Today’s VERT Alert addresses the Microsoft May 2017 Security Updates. VERT is actively working on coverage for these vulnerabilities and expects to ship ASPL-724 on Wednesday, May 10th.
In-The-Wild & Disclosed CVEs
CVE-2017-0290
Also known as Microsoft Security Advisory 4022344, this is a code execution in the Microsoft Malware Protection Engine that occurs when scanning a specially crafted file. Successful exploitation leads to code execution in the context of the LocalSystem account. While the MSRC Security Guidance for this vulnerability says that it has not been publicly disclosed or exploited, technical details, including a proof of concept, can be found in the Google Project Zero bug tracker. Microsoft has rated this as a 2 on the Exploitability Index (Exploitation Less Likely)
CVE-2017-0064
This vulnerability, which has been publicly disclosed, allows content loaded in Internet Explorer to bypass the Mixed Content warnings that alert users to the mixing of unsecure content with secure content. Internet Explorer versions 9, 10, and 11 are affected. Microsoft has rated this as a 2 on the Exploitability Index (Exploitation Less Likely)
CVE-2017-0222
The second Internet Explorer vulnerability in the list today, this one has not been publicly disclosed but is being reported as actively exploited. Successful exploitation of this vulnerability can lead to code execution in the context of the current user. Internet Explorer versions 10 and 11 are affected. Microsoft has rated this as a 0 on the Exploitability Index (Exploitation Detected)
CVE-2017-0241
After two Internet Explorer vulnerabilities, it makes sense to see Edge in the list as well. This vulnerability allows domain-less pages to load in the Intranet Zone, accessing functionality that is typically restricted from the Internet Zone. Microsoft’s Exploitability Assessment is interesting for this vulnerability; Exploitation has been detected but it is not labeled as Exploited, only as Publicly Disclosed. Microsoft has rated this as a 0 on the Exploitability Index (Exploitation Detected)
CVE-2017-0261
A Microsoft Office vulnerability tied to parsing malformed EPS files is up next on this list, allowing attackers to take control of the affected system. Microsoft Office 2010, 2013, and 2016 are affected with exploitation already detected for older software releases. Microsoft has rated this as a 1 for the Latest Software Release and a 0 for Older Software Releases on the Exploitability Index (Exploitation More Likely and Exploitation Detected).
CVE-2017-0263
The final vulnerability in this list today is a Windows Win32k kernel-mode-driver vulnerability that could give attackers the ability to run code in kernel-mode if successfully exploited. All operating systems since Windows 7 are included in the affected products list. Microsoft has rated this as a 1 for the Latest Software Release and a 0 for Older Software Releases on the Exploitability Index (Exploitation More Likely and Exploitation Detected).
FYI Vulnerabilities
While many of the issues fixed today are the same as we saw in the pre-Security Guidance world, there are a few that are worth highlighting.
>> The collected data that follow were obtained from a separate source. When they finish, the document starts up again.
(* Let $G_1$ and $G_2$ be two vertex-disjoint 2-edge-colored graphs with Hamiltonian alternating cycles $C_1=x_0x_1\cdots x_{2n-1}x_0$ and $C_2=y_0y_1\cdots y_{2m-1}y_0$, respectively, and let $G\in G_1\oplus G_2$. Suppose there is no good pair in $G$ (between $C_1$ and $C_2$), and that for each $i\in\{1,2\}$ there is a vertex of $C_i$ which is non-singular with respect to $C_{3-i}$. Then there exist $r\in[0,2m-1]$ and $s\in[0,2n-1]$ such that $x_0y_ry_{r+1}y_{r+2}x_0$ and $y_0x_sx_{s+1}x_{s+2}y_0$ are alternating 4-cycles (subscripts of $x$ taken modulo $2n$, of $y$ modulo $2m$).
   Context: All graphs are simple, with edges colored red or blue. An alternating cycle is a cycle in which consecutive edges have different colors; a Hamiltonian alternating cycle of a graph is an alternating cycle through all its vertices. For vertex-disjoint 2-edge-colored graphs $G_1,G_2$, the colored generalized sum $G_1\oplus G_2$ is the set of 2-edge-colored graphs $G$ with $V(G)=V(G_1)\cup V(G_2)$, $G\langle V(G_i)\rangle=G_i$ with the same coloring, and exactly one edge (of arbitrary fixed color) between each $u\in V(G_1)$ and $w\in V(G_2)$; these latter edges are the exterior edges. For $v$ on an alternating cycle $C$, $v^r$ (resp. $v^b$) is the neighbor of $v$ on $C$ with $vv^r$ red (resp. $vv^b$ blue). For an exterior edge $vw$ with $v\in V(C_1)$, $w\in V(C_2)$: if $vw$ is red, $vw,v^rw^r$ is a good pair if $v^rw^r$ is red; if $vw$ is blue, $vw,v^bw^b$ is a good pair if $v^bw^b$ is blue. A vertex $v\in V(C_i)$ is red-singular (blue-singular) with respect to $C_{3-i}$ if all edges between $v$ and $V(C_{3-i})$ are red (blue); it is singular if red- or blue-singular, and non-singular otherwise (i.e. it is incident with exterior edges of both colors towards $C_{3-i}$). *)

theory Defs
  imports Main
begin

datatype color = Red | Blue

text \<open>A 2-edge-colored simple graph: a vertex set and a symmetric, loopless partial
  colouring of pairs; ecol G u v = None means u and v are non-adjacent.\<close>
record 'a cgraph =
  verts :: "'a set"
  ecol  :: "'a \<Rightarrow> 'a \<Rightarrow> color option"

definition cgraph :: "'a cgraph \<Rightarrow> bool" where
  "cgraph G \<longleftrightarrow> finite (verts G)
     \<and> (\<forall>u v. ecol G u v = ecol G v u)
     \<and> (\<forall>u. ecol G u u = None)
     \<and> (\<forall>u v. ecol G u v \<noteq> None \<longrightarrow> u \<in> verts G \<and> v \<in> verts G)"

definition induced :: "'a cgraph \<Rightarrow> 'a set \<Rightarrow> 'a cgraph" where
  "induced G S = \<lparr>verts = S, ecol = (\<lambda>u v. if u \<in> S \<and> v \<in> S then ecol G u v else None)\<rparr>"

definition cgsum :: "'a cgraph \<Rightarrow> 'a cgraph \<Rightarrow> 'a cgraph set" where
  "cgsum G1 G2 = {G. cgraph G \<and> verts G = verts G1 \<union> verts G2
      \<and> induced G (verts G1) = G1 \<and> induced G (verts G2) = G2
      \<and> (\<forall>u\<in>verts G1. \<forall>w\<in>verts G2. ecol G u w \<noteq> None)}"

definition alt_cycle :: "'a cgraph \<Rightarrow> 'a list \<Rightarrow> bool" where
  "alt_cycle G xs \<longleftrightarrow> (let k = length xs in k \<ge> 3 \<and> distinct xs
     \<and> (\<forall>i<k. ecol G (xs!i) (xs!((i+1) mod k)) \<noteq> None
          \<and> ecol G (xs!i) (xs!((i+1) mod k)) \<noteq> ecol G (xs!((i+1) mod k)) (xs!((i+2) mod k))))"

definition ham_alt_cycle :: "'a cgraph \<Rightarrow> 'a list \<Rightarrow> bool" where
  "ham_alt_cycle G xs \<longleftrightarrow> alt_cycle G xs \<and> set xs = verts G"

text \<open>cyc_nbr G xs c v u: u is the neighbour v^c of v on the cycle xs
  (the cycle neighbour joined to v by an edge of colour c).\<close>
definition cyc_nbr :: "'a cgraph \<Rightarrow> 'a list \<Rightarrow> color \<Rightarrow> 'a \<Rightarrow> 'a \<Rightarrow> bool" where
  "cyc_nbr G xs c v u \<longleftrightarrow> (let k = length xs in \<exists>i<k. xs!i = v
     \<and> (u = xs!((i+1) mod k) \<or> u = xs!((i+k-1) mod k)) \<and> ecol G v u = Some c)"

definition has_good_pair :: "'a cgraph \<Rightarrow> 'a list \<Rightarrow> 'a list \<Rightarrow> bool" where
  "has_good_pair G C1 C2 \<longleftrightarrow> (\<exists>v\<in>set C1. \<exists>w\<in>set C2. \<exists>c v' w'.
     ecol G v w = Some c \<and> cyc_nbr G C1 c v v' \<and> cyc_nbr G C2 c w w'
     \<and> ecol G v' w' = Some c)"

definition red_singular :: "'a cgraph \<Rightarrow> 'a \<Rightarrow> 'a set \<Rightarrow> bool" where
  "red_singular G v W \<longleftrightarrow> (\<forall>w\<in>W. ecol G v w = Some Red)"

definition blue_singular :: "'a cgraph \<Rightarrow> 'a \<Rightarrow> 'a set \<Rightarrow> bool" where
  "blue_singular G v W \<longleftrightarrow> (\<forall>w\<in>W. ecol G v w = Some Blue)"

definition singular :: "'a cgraph \<Rightarrow> 'a \<Rightarrow> 'a set \<Rightarrow> bool" where
  "singular G v W \<longleftrightarrow> red_singular G v W \<or> blue_singular G v W"

end

theory Submission
  imports Defs
begin

text \<open>Index both cycles periodically by the integers and write col i j for the colour of the
  exterior edge x_i y_j. If col i j = c, the absence of good pairs says that the exterior edge
  between the c-neighbours of x_i and y_j has the other colour. Iterating, the walk that keeps
  moving to the current-colour neighbours on both cycles never changes direction and flips the
  colour at every step; as both cycles are even and everything is periodic, such walks reach every
  row from row 0.

  Suppose no r makes x_0 y_r y_(r+1) y_(r+2) an alternating 4-cycle. Then the set of j for which
  x_0 y_j has the colour of y_j y_(j+1) is closed under j + 2 \<mapsto> j, so by periodicity it depends
  only on the parity of j. Either row 0 alternates in step with C_2, and then the walks make every
  column constant, so every vertex of C_2 is singular; or row 0 is constant, and then every row is
  constant, so every vertex of C_1 is singular. The statement for y_0 follows by symmetry.\<close>

fun flip_color :: "color \<Rightarrow> color" where
  "flip_color Red = Blue"
| "flip_color Blue = Red"

lemma flip_color_neq [simp]: "flip_color c \<noteq> c" "c \<noteq> flip_color c"
  by (cases c; simp)+

lemma flip_color_flip_color [simp]: "flip_color (flip_color c) = c"
  by (cases c) simp_all

lemma flip_color_inject [simp]: "flip_color a = flip_color b \<longleftrightarrow> a = b"
  by (cases a; cases b) simp_all

lemma neq_imp_eq_flip_color: "a \<noteq> c \<Longrightarrow> a = flip_color c"
  by (cases a; cases c) simp_all

definition parity_flip :: "int \<Rightarrow> color \<Rightarrow> color" where
  "parity_flip k c = (if even k then c else flip_color c)"

lemma parity_flip_parity_flip [simp]: "parity_flip k (parity_flip k c) = c"
  by (simp add: parity_flip_def)

definition alternating :: "(int \<Rightarrow> color) \<Rightarrow> bool" where
  "alternating e \<longleftrightarrow> (\<forall>i. e (i + 1) = flip_color (e i))"

lemma alternating_add:
  assumes "alternating e"
  shows "e (i + k) = parity_flip k (e i)"
proof (induction k rule: int_induct[where k = 0])
  case base
  then show ?case by (simp add: parity_flip_def)
next
  case (step1 k)
  then show ?case
    using assms[unfolded alternating_def, rule_format, of "i + k"]
    by (simp add: parity_flip_def add.assoc)
next
  case (step2 k)
  then show ?case
    using assms[unfolded alternating_def, rule_format, of "i + (k - 1)"]
    by (auto simp: parity_flip_def)
qed

lemma alternating_diff:
  assumes "alternating e"
  shows "e (i - k) = parity_flip k (e i)"
  using alternating_add[OF assms, of "i - k" k] by simp

text \<open>On a cycle whose edge from position i to i + 1 has colour e i, the neighbour
  of position i joined to it by colour c sits at position i + nbr_dir e i c.\<close>
definition nbr_dir :: "(int \<Rightarrow> color) \<Rightarrow> int \<Rightarrow> color \<Rightarrow> int" where
  "nbr_dir e i c = (if e i = c then 1 else -1)"

lemma odd_nbr_dir [simp]: "odd (nbr_dir e i c)"
  by (simp add: nbr_dir_def)

lemma nbr_dir_mult_self [simp]: "nbr_dir e i c * nbr_dir e i c = 1"
  by (simp add: nbr_dir_def)

lemma nbr_dir_along_walk:
  assumes "alternating e"
  shows "nbr_dir e (i + k * nbr_dir e i c) (parity_flip k c) = nbr_dir e i c"
proof (cases "e i = c")
  case True
  then show ?thesis using alternating_add[OF assms, of i k] by (simp add: nbr_dir_def)
next
  case False
  then have "e i = flip_color c" by (rule neq_imp_eq_flip_color)
  then show ?thesis
    using False alternating_diff[OF assms, of i k] by (auto simp: nbr_dir_def parity_flip_def)
qed

lemma periodic_downclosed_const:
  fixes P :: "int \<Rightarrow> bool"
  assumes down: "\<And>k. P (k + 1) \<Longrightarrow> P k" and periodic: "\<And>k. P (k + p) = P k" and "0 < p"
  shows "P a = P b"
proof -
  have below: "P k \<Longrightarrow> P l" if "l \<le> k" for k l
    using that
  proof (induction l rule: int_induct[where k = k])
    case (step2 l)
    then show ?case using down[of "l - 1"] by simp
  qed auto
  have shift: "P (k + int q * p) = P k" for k q
  proof (induction q)
    case (Suc q)
    have "k + int (Suc q) * p = (k + int q * p) + p"
      by (simp add: algebra_simps)
    then show ?case using periodic[of "k + int q * p"] Suc.IH by (simp add: add.assoc)
  qed simp
  have "P k \<Longrightarrow> P l" for k l
  proof -
    define q where "q = nat \<bar>l - k\<bar>"
    have "int q * 1 \<le> int q * p"
      using \<open>0 < p\<close> by (intro mult_left_mono) simp_all
    then have "l \<le> k + int q * p"
      unfolding q_def by linarith
    then show "P k \<Longrightarrow> P l" using below shift by blast
  qed
  then show ?thesis by blast
qed

text \<open>col i j is the colour of the exterior edge x_i y_j, and e i, d j are the colours of the
  cycle edges x_i x_(i+1) and y_j y_(j+1).\<close>
locale good_pair_free =
  fixes col :: "int \<Rightarrow> int \<Rightarrow> color" and e d :: "int \<Rightarrow> color"
  assumes alternating_e: "alternating e" and alternating_d: "alternating d"
    and no_good_pair:
      "\<And>i j. col (i + nbr_dir e i (col i j)) (j + nbr_dir d j (col i j)) \<noteq> col i j"
begin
DNS The first issue worth calling out is a vulnerability in the Microsoft DNS Server. If the server is configured to respond to version queries and received a malicious version query, the DNS Server will become unresponsive. If you have Microsoft DNS Servers exposed to the Internet, keep an eye on them until patches can be applied. All server versions since Server 2008 are impacted by this vulnerability (CVE-2017-0171). SMB A large number of SMB vulnerabilities are patched with this month’s release. While many of these are information disclosure and denial of service issues, there are four vulnerabilities that could result in remote code execution. These RCE vulnerabilities are tied to Microsoft SMBv1 and impact all supported versions of Windows. The RCE list includes: CVE-2017-0272, CVE-2017-0277, CVE-2017-0278, and CVE-2017-0279. Microsoft has classified all of these as Exploitation Less Likely (Exploitation Index Value: 2)
Other Information
In addition to the Microsoft vulnerabilities included in the May Security Guidance, a security advisory was also published. In April, Microsoft used Advisory IDs that looked like CVEs and created some confusion, that format is gone this month, replaced by the format ADVYY####. The advisories from last month have received new Advisory IDs that match this updated format.
ADV170006
This month’s advisory is the Microsoft representation of the Adobe Flash Bulletin (APSB17-15). It contains fixes for the following vulnerabilities: CVE-2017-3068, CVE-2017-3069, CVE-2017-3070, CVE-2017-3071, CVE-2017-3072, CVE-2017-3073, and CVE-2017-3074.